Chicago, IL – March 10, 2021 – Today, Zacks Equity Research discusses Air Freight & Cargo, including United Parcel Service, Inc. UPS, FedEx Corporation FDX, Atlas Air Worldwide Holdings, Inc. AAWW and Air Transport Services Group, Inc. ATSG.

Link: https://www.zacks.com/commentary/1275739/3-stocks-to-watch-from-the-promising-air-freight-cargo-space

It is a well-documented fact that stocks in the Zacks  Transportation - Air Freight and Cargo  industry are being aided immensely by the surge in e-commerce demand amid the current coronavirus-ravaged scenario.

Notably, e-commerce refers to the method of buying and selling goods and services via a software platform. Moreover, while many passenger carriers are shrinking their fleet in these coronavirus-riddled times, cargo airlines like UPS Airlines are expanding the same owing to buoyant cargo demand and astonishing growth in e commerce.

With the pandemic showing little signs of subsiding, e-commerce demand is likely to continue soaring in the near term. This implies good tidings for the companies like United Parcel ServiceFedEx and Atlas Air Worldwide Holdings.

About the Industry

The Zacks Transportation - Air Freight and Cargo industry includes players that provide air delivery and freight services. Most companies in this space are involved in offering specialized transportation and logistics services.

Apart from operating a ground fleet of multiple vehicles, some of these companies maintain an air fleet. While some players also focus on providing air transportation services for passengers and cargo, some others deliver services to entities that outsource air-cargo lifting requirements.

3 Transportation - Air Freight and Cargo Industry Trends to Watch out for

Boom in Online Shopping: The significant increase in home deliveries amid the prevalent coronavirus pandemic is a huge positive for companies like UPS and FedEx, which dominates and defines the Zacks Transportation - Air Freight and Cargo industry. Notably, the need for door-to-door delivery of essentials during this crisis is rising. Evidently, UPS reported blowout fourth-quarter 2020 results last month.

Results were aided by a boom in online shopping during the holidays with the coronavirus pandemic continuing to restrict people to their homes. Per ACI Worldwide data, e-commerce transactions across the globe increased 21% year over year in November 2020 from the November 2019 reading. This double-digit surge was mainly owing to the earlier-than-usual start of the holiday shopping season.

Cargo Carriers Make Hay: The ongoing coronavirus pandemic spelt doom for passenger airlines (that usually carry freight as well as passenger luggage). Due to lackluster air -travel demand, many passenger carriers are shrinking their fleet. This, in turn, turned out to be a blessing for the cargo carriers.

To combat the surge in e-commerce demand and also to cater to the requirement of flying cargos, such carriers are expanding their fleet. Notably, last month, UPS received delivery of the first of the 52 Airbus A300-600. Moreover, owing to upbeat demand for its cargo aircraft, Air Transport Services Group expects 2021 adjusted EBITDA to be at least $525 million, indicating an improvement of 6% from the 2020 reported figure of $497 million.

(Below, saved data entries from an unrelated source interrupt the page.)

lemma genpow_Suc_prerecombination:
  assumes "a \<le> n" and "rho = 0 \<or> \<not> recombined y"
  shows "genpow rho (n + 2) (Suc k) (a, 0, 1, 0) y =
           coalescence_rate a * genpow rho (n + 2) k (a - 1, 0, 1, 0) y
         - (coalescence_rate a + rho / 2) * genpow rho (n + 2) k (a, 0, 1, 0) y"
proof -
  let ?P = "\<lambda>x. genpow rho (n + 2) k x y"
  have recomb: "rho / 2 * ?P (a + 1, 1, 0, 1) = 0"
    using assms(2) genpow_recombined_not_recombined[of "(a + 1, 1, 0, 1)" y] by auto
  have "genpow rho (n + 2) (Suc k) (a, 0, 1, 0) y =
     (\<Sum>z\<in>states (n + 2). (if z = (a - 1, 0, 1, 0) then coalescence_rate a * ?P z else 0)
       - (if z = (a, 0, 1, 0) then (coalescence_rate a + rho / 2) * ?P z else 0)
       + (if z = (a + 1, 1, 0, 1) then rho / 2 * ?P z else 0))"
    by (simp only: genpow.simps, rule sum.cong, simp, simp only: gen_prerecombination)
      (simp add: algebra_simps)
  also have "\<dots> = coalescence_rate a * ?P (a - 1, 0, 1, 0)
      - (coalescence_rate a + rho / 2) * ?P (a, 0, 1, 0)"
    using assms(1) recomb
    by (simp only: sum.distrib sum_subtractf finite_states sum.delta) (auto simp: states_def)
  finally show ?thesis .
qed

lemma genpow_no_recombination_recombined:
  assumes "a \<le> n" and "recombined y"
  shows "genpow 0 (n + 2) k (a, 0, 1, 0) y = 0"
  using assms(1)
proof (induction k arbitrary: a)
  case (Suc k)
  then show ?case using genpow_Suc_prerecombination[of a n 0 y k] by simp
qed (use assms(2) in auto)

lemma genpow_no_recombination_row_sum:
  assumes "a \<le> n"
  shows "(\<Sum>y\<in>states (n + 2). genpow 0 (n + 2) k (a, 0, 1, 0) y) = (if k = 0 then 1 else 0)"
  using assms
proof (induction k arbitrary: a)
  case 0
  then have "(a, 0, 1, 0) \<in> states (n + 2)" by (simp add: states_def)
  then show ?case by (simp add: finite_states)
next
  case (Suc k)
  have "(\<Sum>y\<in>states (n + 2). genpow 0 (n + 2) (Suc k) (a, 0, 1, 0) y) =
     (\<Sum>y\<in>states (n + 2). coalescence_rate a * genpow 0 (n + 2) k (a - 1, 0, 1, 0) y
       - coalescence_rate a * genpow 0 (n + 2) k (a, 0, 1, 0) y)"
    using genpow_Suc_prerecombination[of a n 0 _ k] Suc.prems by (intro sum.cong) auto
  also have "\<dots> = 0"
    using Suc.IH[of "a - 1"] Suc.IH[of a] Suc.prems
    by (simp add: sum_subtractf sum_distrib_left[symmetric])
  finally show ?case by simp
qed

Coronavirus-Led Uncertainty Still Weighs on Industry Players: Coronavirus-induced supply-chain disruptions are persistently hurting industry players due to the slowdown in global trade activities. Despite the gradual resumption of economic activities, coronavirus-led uncertainty still remains.

Consequently, due to this economic uncertainty, FedEx’s management did not provide any guidance for fiscal 2021 while releasing second-quarter fiscal 2021 results in December. Similarly, UPS did not issue 2021 projections for revenues and earnings per share due to the market volatility, stemming from the coronavirus pandemic.

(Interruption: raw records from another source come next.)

(* There is a deterministic algorithm which, given a set $P$ of $n$ elements and access to a query oracle for a poset $(P,\succ)$ of width at most $w$, finds the set of minimal elements of $(P,\succ)$ using at most $wn$ queries and total complexity $O(wn)$.
   Context: A poset $(P,\succ)$ consists of a set $P$ and an irreflexive, transitive relation $\succ$. Elements $a,b$ are incomparable if neither $a\succ b$ nor $b\succ a$; the width is the maximum size of a set of mutually incomparable elements. An element $a$ is minimal if there is no $b$ with $a\succ b$. A query oracle answers a query on $(x,y)$ by reporting whether $x\succ y$, $y\succ x$, or they are incomparable. Total complexity counts all computational operations (queries and basic operations). *)

theory Defs
  imports Main
begin

definition is_poset :: "'a set \<Rightarrow> ('a \<Rightarrow> 'a \<Rightarrow> bool) \<Rightarrow> bool" where
  "is_poset P gt \<longleftrightarrow> (\<forall>x\<in>P. \<not> gt x x) \<and>
     (\<forall>x\<in>P. \<forall>y\<in>P. \<forall>z\<in>P. gt x y \<and> gt y z \<longrightarrow> gt x z)"

definition incomparable :: "('a \<Rightarrow> 'a \<Rightarrow> bool) \<Rightarrow> 'a \<Rightarrow> 'a \<Rightarrow> bool" where
  "incomparable gt a b \<longleftrightarrow> \<not> gt a b \<and> \<not> gt b a"

definition antichain :: "('a \<Rightarrow> 'a \<Rightarrow> bool) \<Rightarrow> 'a set \<Rightarrow> bool" where
  "antichain gt A \<longleftrightarrow> (\<forall>a\<in>A. \<forall>b\<in>A. a \<noteq> b \<longrightarrow> incomparable gt a b)"

definition width :: "'a set \<Rightarrow> ('a \<Rightarrow> 'a \<Rightarrow> bool) \<Rightarrow> nat" where
  "width P gt = Max {card A | A. A \<subseteq> P \<and> antichain gt A}"

definition minimal_elements :: "'a set \<Rightarrow> ('a \<Rightarrow> 'a \<Rightarrow> bool) \<Rightarrow> 'a set" where
  "minimal_elements P gt = {a \<in> P. \<not> (\<exists>b\<in>P. gt a b)}"

text \<open>A program is a fixed finite list of instructions acting on list registers
  (indexed by nat) holding elements of the ground set.  Elements are opaque: the only way
  to learn about them is the query instruction Cmp, which asks the oracle about the heads
  of two registers.  Every executed instruction costs one unit (total complexity);
  every executed Cmp on two nonempty registers is one oracle query.\<close>

datatype instr =
    Move nat nat
  | Drop nat
  | IfEmpty nat nat
  | Cmp nat nat nat nat nat
  | Goto nat
  | Halt

type_synonym 'a config = "nat \<times> (nat \<Rightarrow> 'a list)"

definition halted :: "instr list \<Rightarrow> 'a config \<Rightarrow> bool" where
  "halted prog cfg \<longleftrightarrow> fst cfg \<ge> length prog \<or> prog ! fst cfg = Halt"

fun exec_instr :: "('a \<Rightarrow> 'a \<Rightarrow> bool) \<Rightarrow> instr \<Rightarrow> 'a config \<Rightarrow> 'a config" where
  "exec_instr gt (Move i j) (pc, R) =
     (Suc pc, (case R i of [] \<Rightarrow> R | x # xs \<Rightarrow> R(i := xs, j := x # (R(i := xs)) j)))"
| "exec_instr gt (Drop i) (pc, R) = (Suc pc, R(i := tl (R i)))"
| "exec_instr gt (IfEmpty i l) (pc, R) = ((if R i = [] then l else Suc pc), R)"
| "exec_instr gt (Cmp i j l1 l2 l3) (pc, R) =
     ((if R i = [] \<or> R j = [] then l3
       else if gt (hd (R i)) (hd (R j)) then l1
       else if gt (hd (R j)) (hd (R i)) then l2
       else l3), R)"
| "exec_instr gt (Goto l) (pc, R) = (l, R)"
| "exec_instr gt Halt cfg = cfg"

definition step :: "instr list \<Rightarrow> ('a \<Rightarrow> 'a \<Rightarrow> bool) \<Rightarrow> 'a config \<Rightarrow> 'a config" where
  "step prog gt cfg = (if halted prog cfg then cfg else exec_instr gt (prog ! fst cfg) cfg)"

definition exec :: "instr list \<Rightarrow> ('a \<Rightarrow> 'a \<Rightarrow> bool) \<Rightarrow> nat \<Rightarrow> 'a config \<Rightarrow> 'a config" where
  "exec prog gt t cfg = (step prog gt ^^ t) cfg"

definition is_query :: "instr list \<Rightarrow> 'a config \<Rightarrow> bool" where
  "is_query prog cfg \<longleftrightarrow> \<not> halted prog cfg \<and>
     (\<exists>i j l1 l2 l3. prog ! fst cfg = Cmp i j l1 l2 l3 \<and> snd cfg i \<noteq> [] \<and> snd cfg j \<noteq> [])"

definition queries :: "instr list \<Rightarrow> ('a \<Rightarrow> 'a \<Rightarrow> bool) \<Rightarrow> nat \<Rightarrow> 'a config \<Rightarrow> nat" where
  "queries prog gt t cfg = card {s. s < t \<and> is_query prog (exec prog gt s cfg)}"

definition init_config :: "'a list \<Rightarrow> 'a config" where
  "init_config xs = (0, (\<lambda>_. [])(0 := xs))"

definition output_of :: "'a config \<Rightarrow> 'a set" where
  "output_of cfg = set (snd cfg 1)"

end

theory Submission
  imports Defs
begin

text \<open>The algorithm processes the elements one at a time, maintaining the list of minimal
  elements of the part processed so far.  These form an antichain, so there are at most w of
  them.  A new element x is compared with each of them: once some m with x above m is found,
  x is discarded and the list is unchanged; otherwise every m above x is removed and x is
  appended.  Hence each element costs at most w queries and O(w) instructions, while
  transitivity guarantees that the maintained list is exactly the set of minimal elements.\<close>

lemma is_poset_asymp_on: "is_poset P gt \<Longrightarrow> asymp_on P gt"
  unfolding is_poset_def asymp_on_def by blast

lemma is_poset_transp_on: "is_poset P gt \<Longrightarrow> transp_on P gt"
  unfolding is_poset_def transp_on_def by blast

lemma is_poset_subset: "is_poset P gt \<Longrightarrow> D \<subseteq> P \<Longrightarrow> is_poset D gt"
  unfolding is_poset_def by blast

lemma minimal_element_below:
  assumes "is_poset D gt" and "finite D" and "d \<in> D"
  obtains m where "m \<in> minimal_elements D gt" and "m = d \<or> gt d m"
proof -
  obtain m where m: "m \<in> D" "m = d \<or> gt d m" and no_below: "\<forall>y\<in>D. gt m y \<longrightarrow> \<not> (y = d \<or> gt d y)"
    using Finite_Set.bex_max_element_with_property[OF \<open>finite D\<close> is_poset_asymp_on is_poset_transp_on,
        of gt "\<lambda>y. y = d \<or> gt d y"] assms by blast
  have "m \<in> minimal_elements D gt"
    using m no_below assms(1,3) unfolding minimal_elements_def is_poset_def by blast
  with m show thesis using that by blast
qed

lemma minimal_elements_insert:
  assumes po: "is_poset (insert x D) gt" and "finite D" and "x \<notin> D"
  defines "M \<equiv> minimal_elements D gt"
  shows "minimal_elements (insert x D) gt =
    (if \<exists>m\<in>M. gt x m then M else insert x {m \<in> M. \<not> gt m x})"
proof -
  have irrefl: "\<not> gt y y" if "y \<in> insert x D" for y
    using po that unfolding is_poset_def by blast
  have trans: "gt a c" if "gt a b" "gt b c" "a \<in> insert x D" "b \<in> insert x D" "c \<in> insert x D" for a b c
    using po that unfolding is_poset_def by blast
  show ?thesis
  proof (cases "\<exists>m\<in>M. gt x m")
    case True
    then obtain m where "m \<in> M" "gt x m" by blast
    then have "gt x' m" if "x' \<in> insert x D" "x' = x \<or> gt x' x" for x'
      using \<open>m \<in> M\<close> that trans[of x' x m] unfolding M_def minimal_elements_def by auto
    then have "minimal_elements (insert x D) gt = M"
      using \<open>m \<in> M\<close> \<open>x \<notin> D\<close> unfolding M_def minimal_elements_def by auto
    with True show ?thesis by simp
  next
    case False
    have "\<not> gt x d" if "d \<in> D" for d
    proof
      assume "gt x d"
      obtain m where "m \<in> M" and "m = d \<or> gt d m"
        using minimal_element_below[OF is_poset_subset[OF po] \<open>finite D\<close> \<open>d \<in> D\<close>] M_def by blast
      with \<open>gt x d\<close> False that trans[of x d m] show False
        unfolding M_def minimal_elements_def by auto
    qed
    with False irrefl[of x] show ?thesis
      unfolding M_def minimal_elements_def by auto
  qed
qed

lemma antichain_minimal_elements: "antichain gt (minimal_elements D gt)"
  unfolding antichain_def incomparable_def minimal_elements_def by auto

lemma card_le_width: "finite P \<Longrightarrow> A \<subseteq> P \<Longrightarrow> antichain gt A \<Longrightarrow> card A \<le> width P gt"
  unfolding width_def by (rule Max_ge) (auto intro: finite_subset[of _ "card ` Pow P"])

lemma width_pos: "finite P \<Longrightarrow> x \<in> P \<Longrightarrow> 1 \<le> width P gt"
  using card_le_width[of P "{x}" gt] by (simp add: antichain_def)

lemma length_minima_le_width:
  assumes "finite P" and "D \<subseteq> P" and "distinct M" and "set M = minimal_elements D gt"
  shows "length M \<le> width P gt"
proof -
  have "set M \<subseteq> P"
    using assms(2,4) unfolding minimal_elements_def by auto
  then have "card (set M) \<le> width P gt"
    using card_le_width[OF assms(1)] antichain_minimal_elements[of gt D] assms(4) by simp
  with assms(3) show ?thesis by (simp add: distinct_card)
qed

Zacks Industry Rank Indicates Sunny Prospects

The Zacks Air Freight and Cargo industry, housed within the broader Zacks Transportation sector, currently carries a Zacks Industry Rank #73. This rank places it in the top 29% of more than 250 Zacks industries.

The group’s Zacks Industry Rank, which is basically the average of the Zacks Rank of all the member stocks, indicates upbeat near-term prospects. Our research shows that the top 50% of the Zacks-ranked industries outperforms the bottom 50% by a factor of more than 2 to 1.

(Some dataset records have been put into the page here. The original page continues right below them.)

lemma integral_emp_law:
  assumes "N \<ge> 1" "f \<in> borel_measurable borel"
  shows "integral\<^sup>L (emp_law w N) f = emp_avg w N f"
proof -
  have "integral\<^sup>L (emp_law w N) f = integral\<^sup>L (measure_pmf (pmf_of_set {1..N})) (\<lambda>i. f (w N i))"
    unfolding emp_law_def using assms(2) by (subst integral_distr) auto
  also have "\<dots> = emp_avg w N f"
    using assms(1) by (subst integral_pmf_of_set) (auto simp: emp_avg_def)
  finally show ?thesis .
qed

lemma emp_avg_tendsto_integral:
  assumes "real_distribution \<mu>" "weak_conv_m (emp_law w) \<mu>"
    and "\<And>x. isCont f x" "\<And>x. \<bar>f x\<bar> \<le> B"
  shows "(\<lambda>N. emp_avg w N f) \<longlonglongrightarrow> integral\<^sup>L \<mu> f"
proof (rule Lim_transform_eventually)
  show "(\<lambda>N. integral\<^sup>L (emp_law w N) f) \<longlonglongrightarrow> integral\<^sup>L \<mu> f"
    using weak_conv_imp_integral_bdd_continuous_conv[OF real_distribution_emp_law assms(1,2), of f B] assms(3,4)
    by auto
  have "f \<in> borel_measurable borel"
    using assms(3) by (intro borel_measurable_continuous_onI continuous_at_imp_continuous_on) auto
  then show "\<forall>\<^sub>F N in sequentially. integral\<^sup>L (emp_law w N) f = emp_avg w N f"
    by (intro eventually_sequentiallyI[of 1] integral_emp_law)
qed

lemma tendsto_of_approximations:
  fixes a :: "nat \<Rightarrow> real" and b e :: "nat \<Rightarrow> nat \<Rightarrow> real"
  assumes approx: "\<And>K. \<forall>\<^sub>F N in sequentially. \<bar>a N - b K N\<bar> \<le> e K N"
    and b: "\<And>K. b K \<longlonglongrightarrow> B K" and e: "\<And>K. e K \<longlonglongrightarrow> E K"
    and B: "B \<longlonglongrightarrow> L" and E: "E \<longlonglongrightarrow> 0"
  shows "a \<longlonglongrightarrow> L"
proof (rule tendstoI)
  fix \<epsilon> :: real assume "0 < \<epsilon>"
  then have "\<forall>\<^sub>F K in sequentially. dist (B K) L < \<epsilon>/4 \<and> dist (E K) 0 < \<epsilon>/4"
    using B E by (intro eventually_conj tendstoD) auto
  then obtain K where K: "dist (B K) L < \<epsilon>/4" "dist (E K) 0 < \<epsilon>/4"
    by (auto simp: eventually_sequentially)
  have "\<forall>\<^sub>F N in sequentially. dist (b K N) (B K) < \<epsilon>/4 \<and> dist (e K N) (E K) < \<epsilon>/4"
    using b e \<open>0 < \<epsilon>\<close> by (intro eventually_conj tendstoD) auto
  with approx[of K] show "\<forall>\<^sub>F N in sequentially. dist (a N) L < \<epsilon>"
  proof eventually_elim
    case (elim N)
    then show ?case using K unfolding dist_real_def by linarith
  qed
qed

lemma real_distribution_continuous_measurable:
  assumes "real_distribution \<mu>" "\<And>x. isCont f x"
  shows "f \<in> borel_measurable \<mu>"
proof -
  have "sets \<mu> = sets borel" using assms(1) by (simp add: real_distribution_def real_distribution_axioms_def)
  then have "borel_measurable \<mu> = borel_measurable borel" by (rule measurable_cong_sets) simp
  then show ?thesis
    using assms(2) by (auto intro: borel_measurable_continuous_onI continuous_at_imp_continuous_on)
qed

definition clip :: "real \<Rightarrow> real \<Rightarrow> real" where
  "clip c x = max (- c) (min x c)"

lemma isCont_clip: "isCont (clip c) x"
  unfolding clip_def by (intro continuous_intros)

lemma abs_clip_le_bound: "0 \<le> c \<Longrightarrow> \<bar>clip c x\<bar> \<le> c"
  unfolding clip_def by linarith

lemma abs_clip_le: "0 \<le> c \<Longrightarrow> \<bar>clip c x\<bar> \<le> \<bar>x\<bar>"
  unfolding clip_def by linarith

lemma abs_diff_clip_le:
  assumes "0 < c" shows "\<bar>x - clip c x\<bar> \<le> x^2 / c"
proof (cases "\<bar>x\<bar> \<le> c")
  case False
  then have "\<bar>x\<bar> * c \<le> \<bar>x\<bar> * \<bar>x\<bar>" by (intro mult_left_mono) auto
  then have "\<bar>x\<bar> \<le> x^2 / c" using assms by (simp add: pos_le_divide_eq power2_eq_square)
  then show ?thesis using False assms unfolding clip_def by linarith
next
  case True
  then have "clip c x = x" unfolding clip_def by linarith
  then show ?thesis using assms by simp
qed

The industry’s positioning in the top 50% of the Zacks-ranked industries is a result of the positive earnings outlook for the constituent companies in aggregate. Looking at the aggregate earnings estimate revisions, it appears that analysts are gaining confidence from this group’s earnings growth potential. Notably, the industry’s earnings estimate for 2021 has moved 4.6% north so far this year.

Given the bright near-term prospects of the industry, we will present a few stocks that investors can buy to enrich their portfolios. But it’s worth taking a look at the industry’s shareholder returns and its current valuation at first.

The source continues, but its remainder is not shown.